Inadequate wildfire mitigation efforts by public utilities have put residents and shareholders at risk, according to an investigation by CNBC. The article highlights the failures of utility companies to properly assess the risks wildfires pose to their operations and the lack of state oversight. It presents two case studies – the Paradise, California wildfires in 2018 and the Lahaina, Hawaii wildfires in 2023 – to illustrate the consequences of these shortcomings.

The Paradise blaze, which burned for two weeks, resulted in the displacement of tens of thousands of residents and the loss of 84 lives. Utility giant PG&E later pleaded guilty to involuntary manslaughter and unlawfully starting a fire. The company settled a $13.5 billion lawsuit and filed for bankruptcy before emerging in 2020. However, fire victims are still waiting for relief, with less than 60% of their claims paid out.

The Lahaina wildfires in Hawaii were the most destructive and deadly human-made disaster in the state’s history. The fires burned over 3,000 acres and caused an estimated $5.5 billion in damage. The cause of the fires is yet to be determined, but the county has filed a lawsuit against utility company Hawaiian Electric, alleging inadequate infrastructure maintenance. Hawaiian Electric’s wildfire mitigation plan did not include power shut-off strategies, citing customer dissatisfaction with similar measures implemented by PG&E in California.

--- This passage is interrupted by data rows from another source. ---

(* In the altruistic controlled social learning model described in the context, the optimal value function $V^*_A:[0,1]\to\mathbb{R}$ is convex in the public belief $b$.
   Context: A binary state $\omega\in\{G,B\}$ is drawn once with $\mathbb{P}(\omega=G)=b_1$. Agents $i=1,2,\dots$ act in sequence. Before agent $i$ acts, a planner chooses a signal precision $q_i\in[0.5,1]$; agent $i$ receives a private signal $s_i\in\{G,B\}$ with $\mathbb{P}(s_i=\omega)=q_i$, conditionally independent of all other signals and of the history given $\omega$. Let $y(b,q)=1+2bq-b-q$ (probability of signal $G$ at public belief $b$) and $z(b,q)=b+q-2bq=1-y(b,q)$. Agent $i$, with public belief $b_i$, takes action $a_i=s_i$ if $1-q_i\le b_i\le q_i$, $a_i=G$ if $b_i>q_i$, $a_i=B$ if $b_i<1-q_i$. The public belief evolves by $b_{i+1}=\frac{q_ib_i}{y(b_i,q_i)}$ if $s_i=G$ and $b_{i+1}=\frac{(1-q_i)b_i}{z(b_i,q_i)}$ if $s_i=B$ when $1-q_i\le b_i\le q_i$, and $b_{i+1}=b_i$ otherwise. Cost of an incorrect action is $C>0$. The altruistic planner has baseline precision $p\in[0.5,1)$ and a cost function $\beta:[0.5,1]\to[0,\infty)$ that is non-negative, increasing, continuous and concave with $\beta(p)=0$; its instantaneous reward is $r_A(b,q)=-\beta(q)-C\min(b,1-b,1-q)$ (the second term being $-C$ times the probability that $a_i\ne\omega$). Policies are deterministic Markov maps $\pi:[0,1]\to[0.5,1]$ with $q_i=\pi(b_i)$. For a discount factor $\delta\in[0,1)$, $V^\pi_A(b)=\mathbb{E}\big[\sum_{i\ge1}\delta^{i-1}r_A(b_i,\pi(b_i))\mid b_1=b\big]$ and $V^*_A(b)=\sup_\pi V^\pi_A(b)$. *)

theory Defs
  imports "HOL-Analysis.Analysis" "HOL-Probability.Probability"
begin

(* probability of signal G at public belief b with precision q *)
definition sig_y :: "real \<Rightarrow> real \<Rightarrow> real" where
  "sig_y b q = 1 + 2*b*q - b - q"

definition sig_z :: "real \<Rightarrow> real \<Rightarrow> real" where
  "sig_z b q = b + q - 2*b*q"

definition belief_step :: "real \<Rightarrow> real \<Rightarrow> real pmf" where
  "belief_step b q =
     (if 1 - q \<le> b \<and> b \<le> q
      then map_pmf (\<lambda>s. if s then q * b / sig_y b q else (1 - q) * b / sig_z b q)
                   (bernoulli_pmf (sig_y b q))
      else return_pmf b)"

(* distribution of b_{n+1} given b_1 = b under Markov policy pol *)
fun belief_dist :: "(real \<Rightarrow> real) \<Rightarrow> real \<Rightarrow> nat \<Rightarrow> real pmf" where
  "belief_dist pol b 0 = return_pmf b"
| "belief_dist pol b (Suc n) = bind_pmf (belief_dist pol b n) (\<lambda>x. belief_step x (pol x))"

definition r_A :: "(real \<Rightarrow> real) \<Rightarrow> real \<Rightarrow> real \<Rightarrow> real \<Rightarrow> real" where
  "r_A \<beta> C b q = - \<beta> q - C * min b (min (1 - b) (1 - q))"

definition policies :: "(real \<Rightarrow> real) set" where
  "policies = {pol. \<forall>b\<in>{0..1}. pol b \<in> {1/2..1}}"

definition V_pol :: "(real \<Rightarrow> real) \<Rightarrow> real \<Rightarrow> real \<Rightarrow> (real \<Rightarrow> real) \<Rightarrow> real \<Rightarrow> real" where
  "V_pol \<beta> C \<delta> pol b =
     (\<Sum>n. \<delta> ^ n * measure_pmf.expectation (belief_dist pol b n) (\<lambda>x. r_A \<beta> C x (pol x)))"

definition V_opt :: "(real \<Rightarrow> real) \<Rightarrow> real \<Rightarrow> real \<Rightarrow> real \<Rightarrow> real" where
  "V_opt \<beta> C \<delta> b = (SUP pol\<in>policies. V_pol \<beta> C \<delta> pol b)"

end

theory Submission
  imports Defs
begin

The article also highlights the role of profit protection in the failure to assess and mitigate wildfire risks. Utility companies prioritize building new infrastructure to generate revenue, rather than investing in measures such as burying power lines or clearing vegetation around their infrastructure. Additionally, utilities often rely on regulators who can help maintain favorable policies, leveraging their financial contributions to political campaigns.

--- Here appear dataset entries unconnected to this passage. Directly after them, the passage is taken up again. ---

lemma affine_square_deviation_moments:
  fixes P :: "real measure" and t \<sigma> m :: real
  assumes "prob_space P" and sets_P: "sets P = sets borel"
    and "integrable P (\<lambda>x. x)" and "(\<integral>x. x \<partial>P) = 0"
    and "integrable P (\<lambda>x. x\<^sup>2)" and "(\<integral>x. x\<^sup>2 \<partial>P) = 1"
    and "integrable P (\<lambda>x. x^4)" and "(\<integral>x. x^4 \<partial>P) \<le> m"
  defines "N \<equiv> distr P borel (\<lambda>x. t + \<sigma> * x)"
  shows "integrable N (\<lambda>u. u\<^sup>2 - t\<^sup>2 - \<sigma>\<^sup>2)"
    and "(\<integral>u. u\<^sup>2 - t\<^sup>2 - \<sigma>\<^sup>2 \<partial>N) = 0"
    and "integrable N (\<lambda>u. (u\<^sup>2 - t\<^sup>2 - \<sigma>\<^sup>2)\<^sup>2)"
    and "(\<integral>u. (u\<^sup>2 - t\<^sup>2 - \<sigma>\<^sup>2)\<^sup>2 \<partial>N) \<le> 8 * \<sigma>\<^sup>2 * t\<^sup>2 + 2 * \<sigma>^4 * (m + 1)"
proof -
  interpret prob_space P by fact
  have [measurable_cong]: "sets P = sets borel" by (rule sets_P)
  have shift: "(\<lambda>x. t + \<sigma> * x) \<in> measurable P borel" by measurable
  have dev: "(\<lambda>x. (t + \<sigma> * x)\<^sup>2 - t\<^sup>2 - \<sigma>\<^sup>2) = (\<lambda>x. (2 * \<sigma> * t) * x + \<sigma>\<^sup>2 * (x\<^sup>2 - 1))"
    by (simp add: fun_eq_iff power2_eq_square algebra_simps)
  have int_dev: "integrable P (\<lambda>x. (t + \<sigma> * x)\<^sup>2 - t\<^sup>2 - \<sigma>\<^sup>2)"
    unfolding dev using assms(3,5) by auto
  show "integrable N (\<lambda>u. u\<^sup>2 - t\<^sup>2 - \<sigma>\<^sup>2)"
    unfolding N_def by (subst integrable_distr_eq[OF shift]) (auto intro: int_dev)
  have "(\<integral>u. u\<^sup>2 - t\<^sup>2 - \<sigma>\<^sup>2 \<partial>N) = (\<integral>x. (2 * \<sigma> * t) * x + \<sigma>\<^sup>2 * (x\<^sup>2 - 1) \<partial>P)"
    unfolding N_def by (subst integral_distr[OF shift]) (auto simp: dev)
  also have "\<dots> = (2 * \<sigma> * t) * (\<integral>x. x \<partial>P) + \<sigma>\<^sup>2 * ((\<integral>x. x\<^sup>2 \<partial>P) - 1)"
    using assms(3,5) by (simp add: prob_space)
  finally show "(\<integral>u. u\<^sup>2 - t\<^sup>2 - \<sigma>\<^sup>2 \<partial>N) = 0" using assms(4,6) by simp
  define B where "B x = 8 * \<sigma>\<^sup>2 * t\<^sup>2 * x\<^sup>2 + 2 * \<sigma>^4 * (x^4 + 1)" for x :: real
  have int_B: "integrable P B" unfolding B_def using assms(5,7) by auto
  have int_dev2: "integrable P (\<lambda>x. ((t + \<sigma> * x)\<^sup>2 - t\<^sup>2 - \<sigma>\<^sup>2)\<^sup>2)"
    by (rule Bochner_Integration.integrable_bound[OF int_B])
       (auto simp: B_def intro!: AE_I2 order.trans[OF _ abs_ge_self]
             affine_square_deviation_sq_le)
  show "integrable N (\<lambda>u. (u\<^sup>2 - t\<^sup>2 - \<sigma>\<^sup>2)\<^sup>2)"
    unfolding N_def by (subst integrable_distr_eq[OF shift]) (auto intro: int_dev2)
  have "(\<integral>u. (u\<^sup>2 - t\<^sup>2 - \<sigma>\<^sup>2)\<^sup>2 \<partial>N) = (\<integral>x. ((t + \<sigma> * x)\<^sup>2 - t\<^sup>2 - \<sigma>\<^sup>2)\<^sup>2 \<partial>P)"
    unfolding N_def by (subst integral_distr[OF shift]) auto
  also have "\<dots> \<le> (\<integral>x. B x \<partial>P)"
    using int_dev2 int_B by (rule integral_mono) (simp add: B_def affine_square_deviation_sq_le)
  also have "\<dots> = 8 * \<sigma>\<^sup>2 * t\<^sup>2 * (\<integral>x. x\<^sup>2 \<partial>P) + 2 * \<sigma>^4 * ((\<integral>x. x^4 \<partial>P) + 1)"
    unfolding B_def using assms(5,7) by (simp add: prob_space)
  also have "\<dots> \<le> 8 * \<sigma>\<^sup>2 * t\<^sup>2 + 2 * \<sigma>^4 * (m + 1)"
    using assms(6,8) by (simp add: mult_left_mono)
  finally show "(\<integral>u. (u\<^sup>2 - t\<^sup>2 - \<sigma>\<^sup>2)\<^sup>2 \<partial>N) \<le> 8 * \<sigma>\<^sup>2 * t\<^sup>2 + 2 * \<sigma>^4 * (m + 1)" .
qed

State oversight is another key issue identified in the article. Several states do not track utility-caused wildfire data, and public utility commissions, responsible for enforcing safety rules and overseeing rates, often lack information on utility-caused fires. The lack of oversight raises concerns about the safety of electric utilities’ infrastructure and the need for stronger regulation.

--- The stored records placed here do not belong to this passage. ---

(* Let $T\in\mathcal M_n$, and let $f,g:[0,\infty)\to[0,\infty)$ be continuous with $f(t)g(t)=t$ for all $t\ge0$. Then \[\begin{bmatrix} f^2(|T|)+f^2(|T^*|) & \mathfrak RT+\mathfrak IT\\ \mathfrak RT+\mathfrak IT & g^2(|T|)+g^2(|T^*|)\end{bmatrix}\ge O,\] and consequently \[\pm(\mathfrak RT+\mathfrak IT)\le\big(f^2(|T|)+f^2(|T^*|)\big)\sharp\big(g^2(|T|)+g^2(|T^*|)\big).\] In particular, $\pm(\mathfrak RT+\mathfrak IT)\le|T|+|T^*|$.
   Context: $\mathcal M_n$ denotes the algebra of $n\times n$ complex matrices; $O$ the zero matrix. $X\ge Y$ means $X-Y$ is positive semidefinite. $|X|=(X^*X)^{1/2}$; functions of positive semidefinite matrices are defined by functional calculus. $\mathfrak RT=\frac{T+T^*}{2}$, $\mathfrak IT=\frac{T-T^*}{2i}$. For positive definite $A,B$, $A\sharp B=A^{1/2}(A^{-1/2}BA^{-1/2})^{1/2}A^{1/2}$; for positive semidefinite $A,B$, $A\sharp B=\lim_{\varepsilon\to0^+}(A+\varepsilon I)\sharp(B+\varepsilon I)$. *)

theory Defs
  imports "HOL-Analysis.Analysis"
begin

definition adj :: "complex^'n^'m \<Rightarrow> complex^'m^'n" where
  "adj A = (\<chi> i j. cnj (A $ j $ i))"

definition cscale :: "complex \<Rightarrow> complex^'n^'m \<Rightarrow> complex^'n^'m" where
  "cscale c A = (\<chi> i j. c * A $ i $ j)"

definition rdiag :: "('n::finite \<Rightarrow> real) \<Rightarrow> complex^'n^'n" where
  "rdiag d = (\<chi> i j. if i = j then complex_of_real (d i) else 0)"

definition unitary :: "complex^'n^'n \<Rightarrow> bool" where
  "unitary U \<longleftrightarrow> adj U ** U = mat 1"

definition hermitian :: "complex^'n^'n \<Rightarrow> bool" where
  "hermitian A \<longleftrightarrow> adj A = A"

definition psd :: "complex^'n^'n \<Rightarrow> bool" where
  "psd A \<longleftrightarrow> hermitian A \<and>
     (\<forall>x::complex^'n. 0 \<le> Re (\<Sum>i\<in>UNIV. \<Sum>j\<in>UNIV. cnj (x $ i) * A $ i $ j * x $ j))"

definition loewner_le :: "complex^'n^'n \<Rightarrow> complex^'n^'n \<Rightarrow> bool" where
  "loewner_le X Y \<longleftrightarrow> psd (Y - X)"

definition mfun :: "(real \<Rightarrow> real) \<Rightarrow> complex^'n::finite^'n \<Rightarrow> complex^'n^'n" where
  "mfun f A = (SOME B. \<exists>U d. unitary U \<and> A = U ** rdiag d ** adj U \<and>
                             B = U ** rdiag (f \<circ> d) ** adj U)"

definition mabs :: "complex^'n::finite^'n \<Rightarrow> complex^'n^'n" where
  "mabs T = mfun sqrt (adj T ** T)"

definition ReM :: "complex^'n::finite^'n \<Rightarrow> complex^'n^'n" where
  "ReM T = cscale (1/2) (T + adj T)"

definition ImM :: "complex^'n::finite^'n \<Rightarrow> complex^'n^'n" where
  "ImM T = cscale (1/(2*\<i>)) (T - adj T)"

definition gmean_pd :: "complex^'n::finite^'n \<Rightarrow> complex^'n^'n \<Rightarrow> complex^'n^'n" where
  "gmean_pd A B = mfun sqrt A **
      mfun sqrt (mfun (\<lambda>t. 1 / sqrt t) A ** B ** mfun (\<lambda>t. 1 / sqrt t) A) ** mfun sqrt A"

definition gmean :: "complex^'n::finite^'n \<Rightarrow> complex^'n^'n \<Rightarrow> complex^'n^'n" where
  "gmean A B = Lim (at_right (0::real))
      (\<lambda>\<epsilon>. gmean_pd (A + cscale (of_real \<epsilon>) (mat 1)) (B + cscale (of_real \<epsilon>) (mat 1)))"

definition blockM :: "complex^'n^'n \<Rightarrow> complex^'n^'n \<Rightarrow> complex^'n^'n \<Rightarrow> complex^'n^'n
    \<Rightarrow> complex^('n + 'n)^('n + 'n)" where
  "blockM A B C D = (\<chi> i j. case i of
       Inl a \<Rightarrow> (case j of Inl b \<Rightarrow> A $ a $ b | Inr b \<Rightarrow> B $ a $ b)
     | Inr a \<Rightarrow> (case j of Inl b \<Rightarrow> C $ a $ b | Inr b \<Rightarrow> D $ a $ b))"

end

theory Submission
  imports Defs
begin

text \<open>Kittaneh's mixed Schwarz inequality
  \<open>\<bar>\<langle>y, S x\<rangle>\<bar>\<^sup>2 \<le> \<langle>x, f\<^sup>2(|S|) x\<rangle> \<langle>y, g\<^sup>2(|S\<^sup>*|) y\<rangle>\<close>, proved from a singular value
  decomposition of \<open>S\<close> and Bessel's inequality, bounds \<open>2 \<bar>\<langle>y, T x\<rangle>\<bar>\<close> and \<open>2 \<bar>\<langle>y, T\<^sup>* x\<rangle>\<bar>\<close>
  by the quadratic forms of the diagonal blocks (AM-GM). As
  \<open>Re T + Im T = ((1 - i) T + (1 + i) T\<^sup>*) / 2\<close> has coefficients of modulus at most 1, the block
  matrix \<open>[[F, X], [X, G]]\<close> is positive.

  A positive block matrix \<open>[[A, X], [X, B]]\<close> satisfies \<open>X \<le> A \<sharp> B\<close>. For invertible \<open>A\<close>,
  congruence by \<open>A\<^sup>-\<^sup>1\<^sup>/\<^sup>2\<close> reduces this to the case \<open>A = 1\<close>, where positivity at
  \<open>(- W y, y)\<close> gives \<open>W\<^sup>2 \<le> C\<close>, and monotonicity of the square root gives
  \<open>W \<le> |W| \<le> C\<^sup>1\<^sup>/\<^sup>2\<close>. In general \<open>(A + \<epsilon>) \<sharp> (B + \<epsilon>)\<close> decreases as \<open>\<epsilon> \<down> 0\<close> and stays
  above \<open>X\<close>, so its limit does too. Replacing \<open>X\<close> by \<open>- X\<close> handles \<open>- X\<close>, and for
  \<open>f = g = sqrt\<close> both diagonal blocks are \<open>|T| + |T\<^sup>*|\<close>, where positivity at \<open>(x, - x)\<close> gives
  \<open>\<plusminus> X \<le> |T| + |T\<^sup>*|\<close> directly.\<close>

section \<open>Sesquilinear inner product and adjoints\<close>

definition cinner :: "complex^'n \<Rightarrow> complex^'n \<Rightarrow> complex" where
  "cinner x y = (\<Sum>i\<in>UNIV. cnj (x $ i) * y $ i)"

lemma adj_nth [simp]: "adj A $ i $ j = cnj (A $ j $ i)"
  by (simp add: adj_def)

lemma adj_adj [simp]: "adj (adj A) = A"
  by (simp add: vec_eq_iff)

lemma adj_mult: "adj (A ** B) = adj B ** adj A"
  by (simp add: vec_eq_iff matrix_matrix_mult_def mult.commute)

lemma adj_add: "adj (A + B) = adj A + adj B"
  by (simp add: vec_eq_iff)

lemma adj_diff: "adj (A - B) = adj A - adj B"
  by (simp add: vec_eq_iff)

lemma adj_uminus: "adj (- A) = - adj A"
  by (simp add: vec_eq_iff)

lemma adj_mat_1 [simp]: "adj (mat 1 :: complex^'n^'n) = mat 1"
  by (simp add: vec_eq_iff mat_def)

lemma cscale_nth [simp]: "cscale c A $ i $ j = c * A $ i $ j"
  by (simp add: cscale_def)

lemma adj_cscale: "adj (cscale c A) = cscale (cnj c) (adj A)"
  by (simp add: vec_eq_iff)

lemma rdiag_nth [simp]: "rdiag d $ i $ j = (if i = j then complex_of_real (d i) else 0)"
  by (simp add: rdiag_def)

lemma adj_rdiag [simp]: "adj (rdiag d) = rdiag d"
  by (simp add: vec_eq_iff)

lemma rdiag_one: "rdiag (\<lambda>i. 1) = mat 1"
  by (simp add: vec_eq_iff mat_def)

lemma matrix_mul_rdiag_nth: "(A ** rdiag d) $ i $ j = A $ i $ j * d j"
proof -
  have "(A ** rdiag d) $ i $ j = (\<Sum>k\<in>UNIV. if k = j then A $ i $ j * d j else 0)"
    unfolding matrix_matrix_mult_def vec_lambda_beta by (rule sum.cong) auto
  then show ?thesis by simp
qed

lemma rdiag_matrix_mul_nth: "(rdiag d ** A) $ i $ j = d i * A $ i $ j"
proof -
  have "(rdiag d ** A) $ i $ j = (\<Sum>k\<in>UNIV. if k = i then d i * A $ i $ j else 0)"
    unfolding matrix_matrix_mult_def vec_lambda_beta by (rule sum.cong) auto
  then show ?thesis by simp
qed

lemma rdiag_mult: "rdiag a ** rdiag b = rdiag (\<lambda>i. a i * b i)"
  unfolding vec_eq_iff matrix_mul_rdiag_nth by auto

lemma rdiag_diff: "rdiag a - rdiag b = rdiag (\<lambda>i. a i - b i)"
  by (simp add: vec_eq_iff)

lemma rdiag_mv_nth: "(rdiag d *v x) $ i = d i * x $ i"
proof -
  have "(rdiag d *v x) $ i = (\<Sum>k\<in>UNIV. if k = i then d i * x $ i else 0)"
    unfolding matrix_vector_mult_def vec_lambda_beta by (rule sum.cong) auto
  then show ?thesis by simp
qed

lemma rdiag_mv_axis: "rdiag d *v axis i 1 = complex_of_real (d i) *s axis i 1"
  by (simp add: vec_eq_iff rdiag_mv_nth axis_def)

lemma mv_axis_nth: "((A::complex^'n^'m) *v axis j 1) $ i = A $ i $ j"
proof -
  have "(A *v axis j 1) $ i = (\<Sum>k\<in>UNIV. if k = j then A $ i $ j else 0)"
    unfolding matrix_vector_mult_def vec_lambda_beta by (rule sum.cong) (auto simp: axis_def)
  then show ?thesis by simp
qed

lemma cscale_mv: "cscale c A *v x = c *s (A *v x)"
  by (simp add: vec_eq_iff matrix_vector_mult_def sum_distrib_left mult.assoc)

lemma matrix_diff_rdistrib: "((A::complex^'n^'m) - B) ** C = A ** C - B ** C"
  by (simp add: vec_eq_iff matrix_matrix_mult_def sum_subtractf left_diff_distrib)

lemma matrix_diff_ldistrib: "(C::complex^'n^'m) ** (A - B) = C ** A - C ** B"
  by (simp add: vec_eq_iff matrix_matrix_mult_def sum_subtractf right_diff_distrib)

lemma matrix_vector_mult_uminus_left: "(- (A::complex^'n^'m)) *v x = - (A *v x)"
  by (simp add: vec_eq_iff matrix_vector_mult_def sum_negf)

lemma matrix_vector_mult_uminus_right: "(A::complex^'n^'m) *v (- x) = - (A *v x)"
  by (simp add: vec_eq_iff matrix_vector_mult_def sum_negf)

lemma of_real_smult: "complex_of_real r *s (x::complex^'n) = r *\<^sub>R x"
  by (simp add: vec_eq_iff complex_eq_iff)

lemma cinner_add_left: "cinner (x + y) z = cinner x z + cinner y z"
  by (simp add: cinner_def sum.distrib distrib_right)

lemma cinner_add_right: "cinner x (y + z) = cinner x y + cinner x z"
  by (simp add: cinner_def sum.distrib distrib_left)

lemma cinner_diff_left: "cinner (x - y) z = cinner x z - cinner y z"
  by (simp add: cinner_def sum_subtractf left_diff_distrib)

lemma cinner_diff_right: "cinner x (y - z) = cinner x y - cinner x z"
  by (simp add: cinner_def sum_subtractf right_diff_distrib)

lemma cinner_uminus_left: "cinner (- x) y = - cinner x y"
  by (simp add: cinner_def sum_negf)

lemma cinner_uminus_right: "cinner x (- y) = - cinner x y"
  by (simp add: cinner_def sum_negf)

lemma cinner_scale_left: "cinner (c *s x) y = cnj c * cinner x y"
  by (simp add: cinner_def sum_distrib_left mult_ac)

lemma cinner_scale_right: "cinner x (c *s y) = c * cinner x y"
  by (simp add: cinner_def sum_distrib_left mult_ac)

lemma cinner_zero_left [simp]: "cinner 0 x = 0"
  by (simp add: cinner_def)

lemma cinner_zero_right [simp]: "cinner x 0 = 0"
  by (simp add: cinner_def)

lemma cinner_sum_left: "cinner (\<Sum>j\<in>J. f j) x = (\<Sum>j\<in>J. cinner (f j) x)"
  unfolding cinner_def by (simp add: sum_distrib_right sum_component) (rule sum.swap)

lemma cinner_sum_right: "cinner x (\<Sum>j\<in>J. f j) = (\<Sum>j\<in>J. cinner x (f j))"
  unfolding cinner_def by (simp add: sum_distrib_left sum_component) (rule sum.swap)

lemma cnj_cinner: "cnj (cinner x y) = cinner y x"
  by (simp add: cinner_def mult.commute)

lemma Re_cinner_commute: "Re (cinner x y) = Re (cinner y x)"
  by (metis cnj_cinner cnj.sel(1))

lemma cinner_adj: "cinner x (A *v y) = cinner (adj A *v x) y"
  unfolding cinner_def matrix_vector_mult_def
  by (simp add: sum_distrib_left sum_distrib_right mult_ac) (rule sum.swap)

lemma cinner_axis: "cinner (axis i 1) (axis j (1::complex)) = (if i = j then 1 else 0)"
proof -
  have "cinner (axis i 1) (axis j (1::complex)) = (\<Sum>k\<in>UNIV. if k = i then (if i = j then 1 else 0) else 0)"
    unfolding cinner_def by (rule sum.cong) (auto simp: axis_def)
  then show ?thesis by simp
qed

lemma cinner_axis_mv_axis: "cinner (axis i 1) ((A::complex^'n^'n) *v axis j 1) = A $ i $ j"
proof -
  have "cinner (axis i 1) (A *v axis j 1) = (\<Sum>k\<in>UNIV. if k = i then A $ i $ j else 0)"
    unfolding cinner_def mv_axis_nth by (rule sum.cong) (auto simp: axis_def)
  then show ?thesis by simp
qed

lemma cinner_self: "cinner x x = complex_of_real ((norm x)^2)"
proof -
  have "cinner x x = (\<Sum>i\<in>UNIV. complex_of_real ((cmod (x $ i))^2))"
    unfolding cinner_def by (intro sum.cong refl) (metis complex_norm_square mult.commute)
  also have "\<dots> = complex_of_real ((norm x)^2)"
    by (simp add: norm_vec_def L2_set_def sum_nonneg)
  finally show ?thesis .
qed

lemma cinner_self_eq_0: "cinner x x = 0 \<longleftrightarrow> x = 0"
  by (simp add: cinner_self)

lemma Re_cinner_self: "Re (cinner x x) = (norm x)^2"
  by (simp add: cinner_self)

lemma quadratic_form_eq_cinner:
  "(\<Sum>i\<in>UNIV. \<Sum>j\<in>UNIV. cnj (x $ i) * A $ i $ j * x $ j) = cinner x (A *v x)"
  unfolding cinner_def matrix_vector_mult_def by (simp add: sum_distrib_left mult_ac)

lemma continuous_on_quadratic_form: "continuous_on S (\<lambda>x. cinner x (A *v x))"
  unfolding quadratic_form_eq_cinner[symmetric] by (intro continuous_intros)

lemma quadratic_form_expand:
  "cinner (u + c *s v) (A *v (u + c *s v)) =
    cinner u (A *v u) + c * cinner u (A *v v) + cnj c * cinner v (A *v u) + cnj c * c * cinner v (A *v v)"
proof -
  have "A *v (u + c *s v) = A *v u + c *s (A *v v)"
    by (simp only: matrix_vector_right_distrib vector_scalar_commute)
  then show ?thesis
    by (simp only: cinner_add_left cinner_add_right cinner_scale_left cinner_scale_right)
       (simp add: algebra_simps)
qed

The article concludes by highlighting the legal implications faced by utility companies involved in wildfires. Lawsuits from fire victims and investors can result in significant financial settlements. However, these settlements may come with conditions, such as victims waiving their right to sue the responsible parties.

Overall, the article sheds light on the inadequate wildfire mitigation efforts of public utilities, emphasizing the risks posed to residents and shareholders. It highlights the need for stronger state oversight, improved wildfire mitigation strategies, and increased accountability for utility companies to ensure the safety of communities and protect shareholder interests.